__EXERCISE INPUTS__
────

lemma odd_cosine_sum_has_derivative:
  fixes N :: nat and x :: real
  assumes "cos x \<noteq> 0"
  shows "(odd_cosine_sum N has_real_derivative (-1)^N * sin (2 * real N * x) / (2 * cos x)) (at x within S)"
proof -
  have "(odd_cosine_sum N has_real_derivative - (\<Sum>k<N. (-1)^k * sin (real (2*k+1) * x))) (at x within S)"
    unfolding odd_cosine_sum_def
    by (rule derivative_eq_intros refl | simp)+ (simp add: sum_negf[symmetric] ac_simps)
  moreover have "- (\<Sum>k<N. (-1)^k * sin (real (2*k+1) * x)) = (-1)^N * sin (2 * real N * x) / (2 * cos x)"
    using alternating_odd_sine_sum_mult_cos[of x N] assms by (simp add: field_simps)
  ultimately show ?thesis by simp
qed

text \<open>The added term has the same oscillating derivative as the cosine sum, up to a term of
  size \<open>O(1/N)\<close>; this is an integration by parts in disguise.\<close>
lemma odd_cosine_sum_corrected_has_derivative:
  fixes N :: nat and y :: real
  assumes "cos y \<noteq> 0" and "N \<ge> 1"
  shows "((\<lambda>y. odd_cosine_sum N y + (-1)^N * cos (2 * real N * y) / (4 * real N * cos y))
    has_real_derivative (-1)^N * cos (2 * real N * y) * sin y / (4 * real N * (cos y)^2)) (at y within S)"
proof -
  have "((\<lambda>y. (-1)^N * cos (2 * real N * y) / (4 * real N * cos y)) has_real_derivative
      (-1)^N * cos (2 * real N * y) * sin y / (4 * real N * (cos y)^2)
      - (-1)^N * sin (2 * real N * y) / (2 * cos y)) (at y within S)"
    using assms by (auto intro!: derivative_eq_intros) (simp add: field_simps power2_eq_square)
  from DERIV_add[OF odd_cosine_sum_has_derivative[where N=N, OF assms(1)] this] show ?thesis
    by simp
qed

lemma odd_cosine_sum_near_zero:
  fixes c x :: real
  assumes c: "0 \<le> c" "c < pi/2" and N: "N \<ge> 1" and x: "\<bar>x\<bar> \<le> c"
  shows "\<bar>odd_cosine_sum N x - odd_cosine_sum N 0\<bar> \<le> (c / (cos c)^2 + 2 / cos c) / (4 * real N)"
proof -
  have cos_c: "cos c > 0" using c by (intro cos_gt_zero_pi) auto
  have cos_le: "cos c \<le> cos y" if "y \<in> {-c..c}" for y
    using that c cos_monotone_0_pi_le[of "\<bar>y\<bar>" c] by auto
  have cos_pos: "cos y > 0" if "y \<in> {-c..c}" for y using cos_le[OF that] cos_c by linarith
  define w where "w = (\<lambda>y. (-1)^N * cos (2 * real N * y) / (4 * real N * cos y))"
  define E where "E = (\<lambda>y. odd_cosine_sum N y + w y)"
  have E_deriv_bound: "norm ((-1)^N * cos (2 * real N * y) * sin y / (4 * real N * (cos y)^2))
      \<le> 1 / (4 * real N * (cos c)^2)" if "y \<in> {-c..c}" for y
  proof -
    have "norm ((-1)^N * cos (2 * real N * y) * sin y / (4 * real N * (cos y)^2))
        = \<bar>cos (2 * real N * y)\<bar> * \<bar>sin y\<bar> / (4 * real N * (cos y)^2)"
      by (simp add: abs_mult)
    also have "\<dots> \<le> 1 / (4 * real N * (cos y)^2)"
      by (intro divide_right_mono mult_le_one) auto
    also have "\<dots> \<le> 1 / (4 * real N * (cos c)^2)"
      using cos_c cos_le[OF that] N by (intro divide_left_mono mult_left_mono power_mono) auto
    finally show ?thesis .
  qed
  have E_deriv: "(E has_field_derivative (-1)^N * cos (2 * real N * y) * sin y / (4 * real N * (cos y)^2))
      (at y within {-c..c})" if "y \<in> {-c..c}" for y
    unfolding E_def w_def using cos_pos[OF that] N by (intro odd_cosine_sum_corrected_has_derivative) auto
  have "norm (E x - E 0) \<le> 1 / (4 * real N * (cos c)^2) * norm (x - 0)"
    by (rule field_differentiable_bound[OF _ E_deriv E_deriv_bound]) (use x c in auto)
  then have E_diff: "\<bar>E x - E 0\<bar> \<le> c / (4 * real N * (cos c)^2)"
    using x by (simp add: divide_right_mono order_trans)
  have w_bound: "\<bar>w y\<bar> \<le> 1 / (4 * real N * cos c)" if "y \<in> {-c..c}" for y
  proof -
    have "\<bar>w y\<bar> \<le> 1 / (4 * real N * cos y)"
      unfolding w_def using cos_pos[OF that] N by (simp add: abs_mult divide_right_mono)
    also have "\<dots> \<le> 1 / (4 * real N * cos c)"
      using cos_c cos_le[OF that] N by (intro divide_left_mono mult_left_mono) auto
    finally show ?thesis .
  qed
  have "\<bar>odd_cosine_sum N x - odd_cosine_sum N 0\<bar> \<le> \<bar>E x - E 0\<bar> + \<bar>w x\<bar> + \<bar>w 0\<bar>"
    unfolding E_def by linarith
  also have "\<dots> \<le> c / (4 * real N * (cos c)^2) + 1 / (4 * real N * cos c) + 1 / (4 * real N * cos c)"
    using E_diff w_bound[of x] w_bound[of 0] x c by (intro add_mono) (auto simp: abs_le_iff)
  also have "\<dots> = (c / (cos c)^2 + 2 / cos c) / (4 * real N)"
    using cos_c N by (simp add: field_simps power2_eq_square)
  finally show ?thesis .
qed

────

__ACTION ITEM__
All entries given above are to be printed again exactly.

__ANSWER AREA__
lemma odd_cosine_sum_has_derivative:
  fixes N :: nat and x :: real
  assumes "cos x \<noteq> 0"
  shows "(odd_cosine_sum N has_real_derivative (-1)^N * sin (2 * real N * x) / (2 * cos x)) (at x within S)"
proof -
  have "(odd_cosine_sum N has_real_derivative - (\<Sum>k<N. (-1)^k * sin (real (2*k+1) * x))) (at x within S)"
    unfolding odd_cosine_sum_def
    by (rule derivative_eq_intros refl | simp)+ (simp add: sum_negf[symmetric] ac_simps)
  moreover have "- (\<Sum>k<N. (-1)^k * sin (real (2*k+1) * x)) = (-1)^N * sin (2 * real N * x) / (2 * cos x)"
    using alternating_odd_sine_sum_mult_cos[of x N] assms by (simp add: field_simps)
  ultimately show ?thesis by simp
qed

text \<open>The added term has the same oscillating derivative as the cosine sum, up to a term of
  size \<open>O(1/N)\<close>; this is an integration by parts in disguise.\<close>
lemma odd_cosine_sum_corrected_has_derivative:
  fixes N :: nat and y :: real
  assumes "cos y \<noteq> 0" and "N \<ge> 1"
  shows "((\<lambda>y. odd_cosine_sum N y + (-1)^N * cos (2 * real N * y) / (4 * real N * cos y))
    has_real_derivative (-1)^N * cos (2 * real N * y) * sin y / (4 * real N * (cos y)^2)) (at y within S)"
proof -
  have "((\<lambda>y. (-1)^N * cos (2 * real N * y) / (4 * real N * cos y)) has_real_derivative
      (-1)^N * cos (2 * real N * y) * sin y / (4 * real N * (cos y)^2)
      - (-1)^N * sin (2 * real N * y) / (2 * cos y)) (at y within S)"
    using assms by (auto intro!: derivative_eq_intros) (simp add: field_simps power2_eq_square)
  from DERIV_add[OF odd_cosine_sum_has_derivative[where N=N, OF assms(1)] this] show ?thesis
    by simp
qed

lemma odd_cosine_sum_near_zero:
  fixes c x :: real
  assumes c: "0 \<le> c" "c < pi/2" and N: "N \<ge> 1" and x: "\<bar>x\<bar> \<le> c"
  shows "\<bar>odd_cosine_sum N x - odd_cosine_sum N 0\<bar> \<le> (c / (cos c)^2 + 2 / cos c) / (4 * real N)"
proof -
  have cos_c: "cos c > 0" using c by (intro cos_gt_zero_pi) auto
  have cos_le: "cos c \<le> cos y" if "y \<in> {-c..c}" for y
    using that c cos_monotone_0_pi_le[of "\<bar>y\<bar>" c] by auto
  have cos_pos: "cos y > 0" if "y \<in> {-c..c}" for y using cos_le[OF that] cos_c by linarith
  define w where "w = (\<lambda>y. (-1)^N * cos (2 * real N * y) / (4 * real N * cos y))"
  define E where "E = (\<lambda>y. odd_cosine_sum N y + w y)"
  have E_deriv_bound: "norm ((-1)^N * cos (2 * real N * y) * sin y / (4 * real N * (cos y)^2))
      \<le> 1 / (4 * real N * (cos c)^2)" if "y \<in> {-c..c}" for y
  proof -
    have "norm ((-1)^N * cos (2 * real N * y) * sin y / (4 * real N * (cos y)^2))
        = \<bar>cos (2 * real N * y)\<bar> * \<bar>sin y\<bar> / (4 * real N * (cos y)^2)"
      by (simp add: abs_mult)
    also have "\<dots> \<le> 1 / (4 * real N * (cos y)^2)"
      by (intro divide_right_mono mult_le_one) auto
    also have "\<dots> \<le> 1 / (4 * real N * (cos c)^2)"
      using cos_c cos_le[OF that] N by (intro divide_left_mono mult_left_mono power_mono) auto
    finally show ?thesis .
  qed
  have E_deriv: "(E has_field_derivative (-1)^N * cos (2 * real N * y) * sin y / (4 * real N * (cos y)^2))
      (at y within {-c..c})" if "y \<in> {-c..c}" for y
    unfolding E_def w_def using cos_pos[OF that] N by (intro odd_cosine_sum_corrected_has_derivative) auto
  have "norm (E x - E 0) \<le> 1 / (4 * real N * (cos c)^2) * norm (x - 0)"
    by (rule field_differentiable_bound[OF _ E_deriv E_deriv_bound]) (use x c in auto)
  then have E_diff: "\<bar>E x - E 0\<bar> \<le> c / (4 * real N * (cos c)^2)"
    using x by (simp add: divide_right_mono order_trans)
  have w_bound: "\<bar>w y\<bar> \<le> 1 / (4 * real N * cos c)" if "y \<in> {-c..c}" for y
  proof -
    have "\<bar>w y\<bar> \<le> 1 / (4 * real N * cos y)"
      unfolding w_def using cos_pos[OF that] N by (simp add: abs_mult divide_right_mono)
    also have "\<dots> \<le> 1 / (4 * real N * cos c)"
      using cos_c cos_le[OF that] N by (intro divide_left_mono mult_left_mono) auto
    finally show ?thesis .
  qed
  have "\<bar>odd_cosine_sum N x - odd_cosine_sum N 0\<bar> \<le> \<bar>E x - E 0\<bar> + \<bar>w x\<bar> + \<bar>w 0\<bar>"
    unfolding E_def by linarith
  also have "\<dots> \<le> c / (4 * real N * (cos c)^2) + 1 / (4 * real N * cos c) + 1 / (4 * real N * cos c)"
    using E_diff w_bound[of x] w_bound[of 0] x c by (intro add_mono) (auto simp: abs_le_iff)
  also have "\<dots> = (c / (cos c)^2 + 2 / cos c) / (4 * real N)"
    using cos_c N by (simp add: field_simps power2_eq_square)
  finally show ?thesis .
qed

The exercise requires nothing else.